Web Architecture Documents

Also in XML-Deviant

The More Things Change

Agile XML

Composition

Apple Watch

Life After Ajax?

In addition to the ad hoc, piecemeal work of responding to issues raised by the general Web and XML communities, the TAG is also working on (so far non-authoritative) documents addressing various issues of Web architecture. The TAG's Architecture Categorization seems to be serving as a kind of shared outline or roadmap of the parts of Web architecture which are slated for TAG documentation.

A large part of the TAG list traffic during February and March was response, discussion, and commentary on three documents which are part of the Architecture Categorization: "Introduction" by Tim Bray and Dan Connolly, "What Does a URI Identify?" by Norm Walsh and Stuart Williams, and "What Does a Document Mean?" by Paul Cotton and Norm Walsh.

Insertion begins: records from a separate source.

context
  fixes \<alpha> \<beta> :: "idx \<Rightarrow> real" and B :: real
  assumes \<alpha>_bound: "\<And>k. \<bar>\<alpha> k\<bar> \<le> B" and \<beta>_bound: "\<And>k. \<bar>\<beta> k\<bar> \<le> B"
begin

lemma Lop_ell2sum: "y \<in> ell2sum \<Longrightarrow> Lop \<alpha> \<beta> y \<in> ell2sum"
  unfolding Lop_def Let_def
  by (rule opmat_ell2sum)
     (simp_all add: shift1_ell2[OF \<alpha>_bound] shift2_ell2[OF \<beta>_bound]
       adj_shift1_ell2[OF \<alpha>_bound] adj_shift2_ell2[OF \<beta>_bound])

lemma Rop_ell2sum: "y \<in> ell2sum \<Longrightarrow> Rop \<alpha> \<beta> y \<in> ell2sum"
  unfolding Rop_def Let_def
  by (rule opmat_ell2sum)
     (simp_all add: shift1_ell2[OF \<alpha>_bound] shift2_ell2[OF \<beta>_bound]
       adj_shift1_ell2[OF \<alpha>_bound] adj_shift2_ell2[OF \<beta>_bound])

lemma Lop_eq:
  assumes "x1 \<in> ell2" "x2 \<in> ell2"
  shows "Lop \<alpha> \<beta> (x1, x2) =
    (\<lambda>k. shift1_adjoint \<alpha> (shift1 \<alpha> x1) k + shift2_adjoint \<beta> (shift1 \<alpha> x2) k,
     \<lambda>k. shift1_adjoint \<alpha> (shift2 \<beta> x1) k + shift2_adjoint \<beta> (shift2 \<beta> x2) k)"
  using assms
  by (simp add: Lop_def Let_def opmat_def adj_shift1[OF \<alpha>_bound] adj_shift2[OF \<beta>_bound]
      shift1_ell2[OF \<alpha>_bound] shift2_ell2[OF \<beta>_bound])

lemma Rop_eq:
  assumes "x1 \<in> ell2" "x2 \<in> ell2"
  shows "Rop \<alpha> \<beta> (x1, x2) =
    (\<lambda>k. shift1 \<alpha> (shift1_adjoint \<alpha> x1) k + shift1 \<alpha> (shift2_adjoint \<beta> x2) k,
     \<lambda>k. shift2 \<beta> (shift1_adjoint \<alpha> x1) k + shift2 \<beta> (shift2_adjoint \<beta> x2) k)"
  using assms by (simp add: Rop_def Let_def opmat_def adj_shift1[OF \<alpha>_bound] adj_shift2[OF \<beta>_bound])

lemma Lop_apply:
  assumes "x1 \<in> ell2" "x2 \<in> ell2"
  shows "fst (Lop \<alpha> \<beta> (x1, x2)) (i, m) = complex_of_real ((\<alpha> (i, m))\<^sup>2) * x1 (i, m)
      + (if 1 \<le> i then complex_of_real (\<alpha> (i - 1, m + 1) * \<beta> (i, m)) * x2 (i - 1, m + 1) else 0)"
    and "snd (Lop \<alpha> \<beta> (x1, x2)) (i, m) =
      (if 1 \<le> m then complex_of_real (\<alpha> (i, m) * \<beta> (i + 1, m - 1)) * x1 (i + 1, m - 1) else 0)
      + complex_of_real ((\<beta> (i, m))\<^sup>2) * x2 (i, m)"
  using assms
  by (simp_all add: Lop_eq shift1_def shift2_def shift1_adjoint_def shift2_adjoint_def power2_eq_square)

lemma Rop_apply:
  assumes "x1 \<in> ell2" "x2 \<in> ell2"
  shows "fst (Rop \<alpha> \<beta> (x1, x2)) (i, m) = (if 1 \<le> i then
        complex_of_real ((\<alpha> (i - 1, m))\<^sup>2) * x1 (i, m)
      + complex_of_real (\<alpha> (i - 1, m) * \<beta> (i - 1, m)) * x2 (i - 1, m + 1) else 0)"
    and "snd (Rop \<alpha> \<beta> (x1, x2)) (i, m) = (if 1 \<le> m then
        complex_of_real (\<alpha> (i, m - 1) * \<beta> (i, m - 1)) * x1 (i + 1, m - 1)
      + complex_of_real ((\<beta> (i, m - 1))\<^sup>2) * x2 (i, m) else 0)"
  using assms
  by (simp_all add: Rop_eq shift1_def shift2_def shift1_adjoint_def shift2_adjoint_def power2_eq_square algebra_simps)

lemma Lop_vanishes_on_diagonal:
  assumes "y \<in> ell2sum" "vanishes_on y (diagonal m)"
  shows "vanishes_on (Lop \<alpha> \<beta> y) (diagonal m)"
proof -
  obtain y1 y2 where y: "y = (y1, y2)" by force
  have e: "y1 \<in> ell2" "y2 \<in> ell2" using assms(1) y by (auto simp: ell2sum_def)
  have "fst (Lop \<alpha> \<beta> y) (a, b) = 0 \<and> snd (Lop \<alpha> \<beta> y) (a, b) = 0" if "a + b = m" for a b
    using vanishes_on_diagonal_neighbours[of y1 y2 a b] assms(2) that by (simp add: y Lop_apply[OF e])
  then show ?thesis
    unfolding vanishes_on_def diagonal_def by auto
qed

lemma Rop_vanishes_on_diagonal:
  assumes "y \<in> ell2sum" "vanishes_on y (diagonal m)"
  shows "vanishes_on (Rop \<alpha> \<beta> y) (diagonal m)"
proof -
  obtain y1 y2 where y: "y = (y1, y2)" by force
  have e: "y1 \<in> ell2" "y2 \<in> ell2" using assms(1) y by (auto simp: ell2sum_def)
  have "fst (Rop \<alpha> \<beta> y) (a, b) = 0 \<and> snd (Rop \<alpha> \<beta> y) (a, b) = 0" if "a + b = m" for a b
    using vanishes_on_diagonal_neighbours[of y1 y2 a b] assms(2) that by (simp add: y Rop_apply[OF e])
  then show ?thesis
    unfolding vanishes_on_def diagonal_def by auto
qed
(* Let $a_m=\binom{2m-1}{m}$ for $m\ge1$. For $n\ge1$ let $A_n$ be the $(n+1)\times(n+1)$ matrix whose first row is $(1,4,4^2,\dots,4^n)$ and whose row $i+1$ (for $i=1,\dots,n$) is $(a_i,a_{i+1},\dots,a_{i+n})$, and let $A'_n$ be the $(n+1)\times(n+1)$ matrix whose first row is $(1,4,\dots,4^n)$ and whose row $i+1$ (for $i=1,\dots,n$) is $(a_{i+1},a_{i+2},\dots,a_{i+1+n})$. Then for all $n\ge1$: $\det A_n=(-1)^n$ and $\det A'_n=(-1)^n(n+1)$. *)

theory Defs
  imports Main "Jordan_Normal_Form.Determinant"
begin

definition a_seq :: "nat \<Rightarrow> int" where
  "a_seq m = int ((2*m - 1) choose m)"

definition A_mat :: "nat \<Rightarrow> int mat" where
  "A_mat n = mat (n+1) (n+1) (\<lambda>(i,j). if i = 0 then 4^j else a_seq (i + j))"

definition A'_mat :: "nat \<Rightarrow> int mat" where
  "A'_mat n = mat (n+1) (n+1) (\<lambda>(i,j). if i = 0 then 4^j else a_seq (i + 1 + j))"

end

theory Submission
  imports Defs
begin

text \<open>
  Subtracting 4 times each column of \<open>A\<^sub>n\<close> from the next turns the first row into
  \<open>(1, 0, \<dots>, 0)\<close> and, since \<open>a\<^sub>m\<^sub>+\<^sub>1 - 4 a\<^sub>m = -C\<^sub>m\<close> (Catalan numbers),
  the remaining block into the negated Hankel matrix \<open>(C\<^sub>i\<^sub>+\<^sub>j\<^sub>+\<^sub>s\<^sub>-\<^sub>1)\<close>,
  with \<open>s = 0\<close> for \<open>A\<^sub>n\<close> and \<open>s = 1\<close> for \<open>A'\<^sub>n\<close>.
  Splitting a Dyck path after \<open>2i - 1\<close> steps factors this Hankel matrix as \<open>L U\<^sub>s\<close> with
  \<open>L\<^sub>i\<^sub>k = b(2i - 1, 2k - 1)\<close> and \<open>(U\<^sub>s)\<^sub>k\<^sub>j = b(2(j + s) - 1, 2k - 1)\<close>, where \<open>b(m, h)\<close>
  counts the \<open>\<plusminus>1\<close>-walks of length \<open>m\<close> from 0 to \<open>h\<close> that never go below 0.
  \<open>L\<close> and \<open>U\<^sub>0\<close> are unitriangular, which gives \<open>(-1)\<^sup>n\<close>. Two further steps change the
  height by \<open>-2\<close>, \<open>0\<close> (in two ways) or \<open>+2\<close>, so \<open>U\<^sub>1 = T U\<^sub>0\<close> for the tridiagonal
  matrix \<open>T\<close> with entries \<open>1, 2, 1\<close>, and \<open>det T = n + 1\<close>.
\<close>

text \<open>By the reflection principle, \<open>ballot m h\<close> is the number \<open>b(m, h)\<close> above;
  \<open>ballot (2 * m) 0\<close> is the \<open>m\<close>-th Catalan number.\<close>

definition ballot :: "nat \<Rightarrow> nat \<Rightarrow> int" where
  "ballot m h =
    (if even (m + h) then int (m choose ((m + h) div 2)) - int (m choose ((m + h) div 2 + 1)) else 0)"
text \<open>Every component of M - {\<sigma>, \<tau>} accumulates at both \<sigma> and \<tau>, since otherwise
it would be clopen in the connected complement of a single point. So if \<sigma> and \<tau> separate
\<zeta> from \<xi> and a third component C of M - {\<sigma>, \<tau>} exists, then C \<union> {\<sigma>, \<tau>}
is a connected set avoiding \<zeta> and \<xi>, and every point of M - {\<zeta>, \<xi>} is joined to it,
because the component of that point in M - {\<sigma>, \<tau>, \<zeta>, \<xi>} accumulates at \<sigma> or \<tau>.
Thus {\<zeta>, \<xi>} is not a cut pair, which is (2). Separation of cut pairs is symmetric,
by the same first observation applied to M - {\<zeta>, \<xi>}; so an exact cut pair separating
a multivalent one would be separated by it, contradicting (2), and (1) follows.\<close>

lemma Int_closure_component:
  "C \<in> components S \<Longrightarrow> S \<inter> closure C = C"
  using closedin_component[of C S] closedin_Int_closure_of[of euclidean S C] by simp

lemma closure_component_meets_diff:
  assumes lc: "locally connected M" and "closed K" "K \<subseteq> M" "A \<subseteq> K"
    and conn: "connected (M - A)" and P: "P \<in> components (M - K)" and "K - A \<noteq> {}"
  shows "closure P \<inter> (K - A) \<noteq> {}"
proof
  assume avoid: "closure P \<inter> (K - A) = {}"
  have PMK: "P \<subseteq> M - K" using P in_components_subset by blast
  have "openin (top_of_set M) (M - K)"
    using \<open>closed K\<close> \<open>K \<subseteq> M\<close> by (intro openin_diff closed_subset) auto
  then have "openin (top_of_set M) P"
    using lc P locally_connected_open_component by blast
  then have "openin (top_of_set (M - A)) P"
    using PMK \<open>A \<subseteq> K\<close> by (auto intro: openin_subset_trans)
  moreover have "(M - A) \<inter> closure P = P"
    using avoid Int_closure_component[OF P] PMK \<open>A \<subseteq> K\<close> closure_subset by blast
  then have "closedin (top_of_set (M - A)) P"
    using closedin_Int_closure_of[of euclidean "M - A" P] by simp
  moreover have "P \<noteq> {}" using P in_components_nonempty by blast
  ultimately have "P = M - A" using conn connected_clopen by blast
  then show False using PMK \<open>K \<subseteq> M\<close> \<open>K - A \<noteq> {}\<close> by blast
qed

There is not space in this column to review the discussion surrounding these documents, but I recommend that interested developers at least read the documents themselves. And I do commend to your particular attention the discussions about the boundaries of the Web itself, which highlight the tendency and the risk of the seemingly ever expansive reach, if not the grasp, of the W3C.

Conclusion

One thing that can be said with certainty is that the TAG is not shirking from addressing the most fundamental questions about Web architecture. As for the quality, clarity, and utility of the answers, that remains to be seen, but the discussions suggest that, at this still rather early date, things are proceeding along the right track. But, despite whatever infrastructural changes need to be made, I think it's also clear that the TAG's work must continue to be based on a reciprocal, mutual, and open conversation between TAG members and as many non-TAG Web and XML developers as is practical.

The kind of technological work the TAG is tasked with, like all forms of scientific, technical, and critical inquiry, is ultimately a thoroughly social undertaking. While for various marketing or motivational reasons, the romanticizing myth of the lone hacker or lone computer scientist solitarily creating works of mystery and wonder will likely persist for a long time, no one should forget that ultimately that solitary figure is as mythical as every other figure of romantic genius. It is well and good to stress the degree to which individuals, as opposed to corporations, are indispensable to the Web's past and future flourishing, but no one should forget that those individuals are always embedded in social processes in which collaboration, cooperation, and unfettered inquiry are, in the final analysis, the real engines of innovation.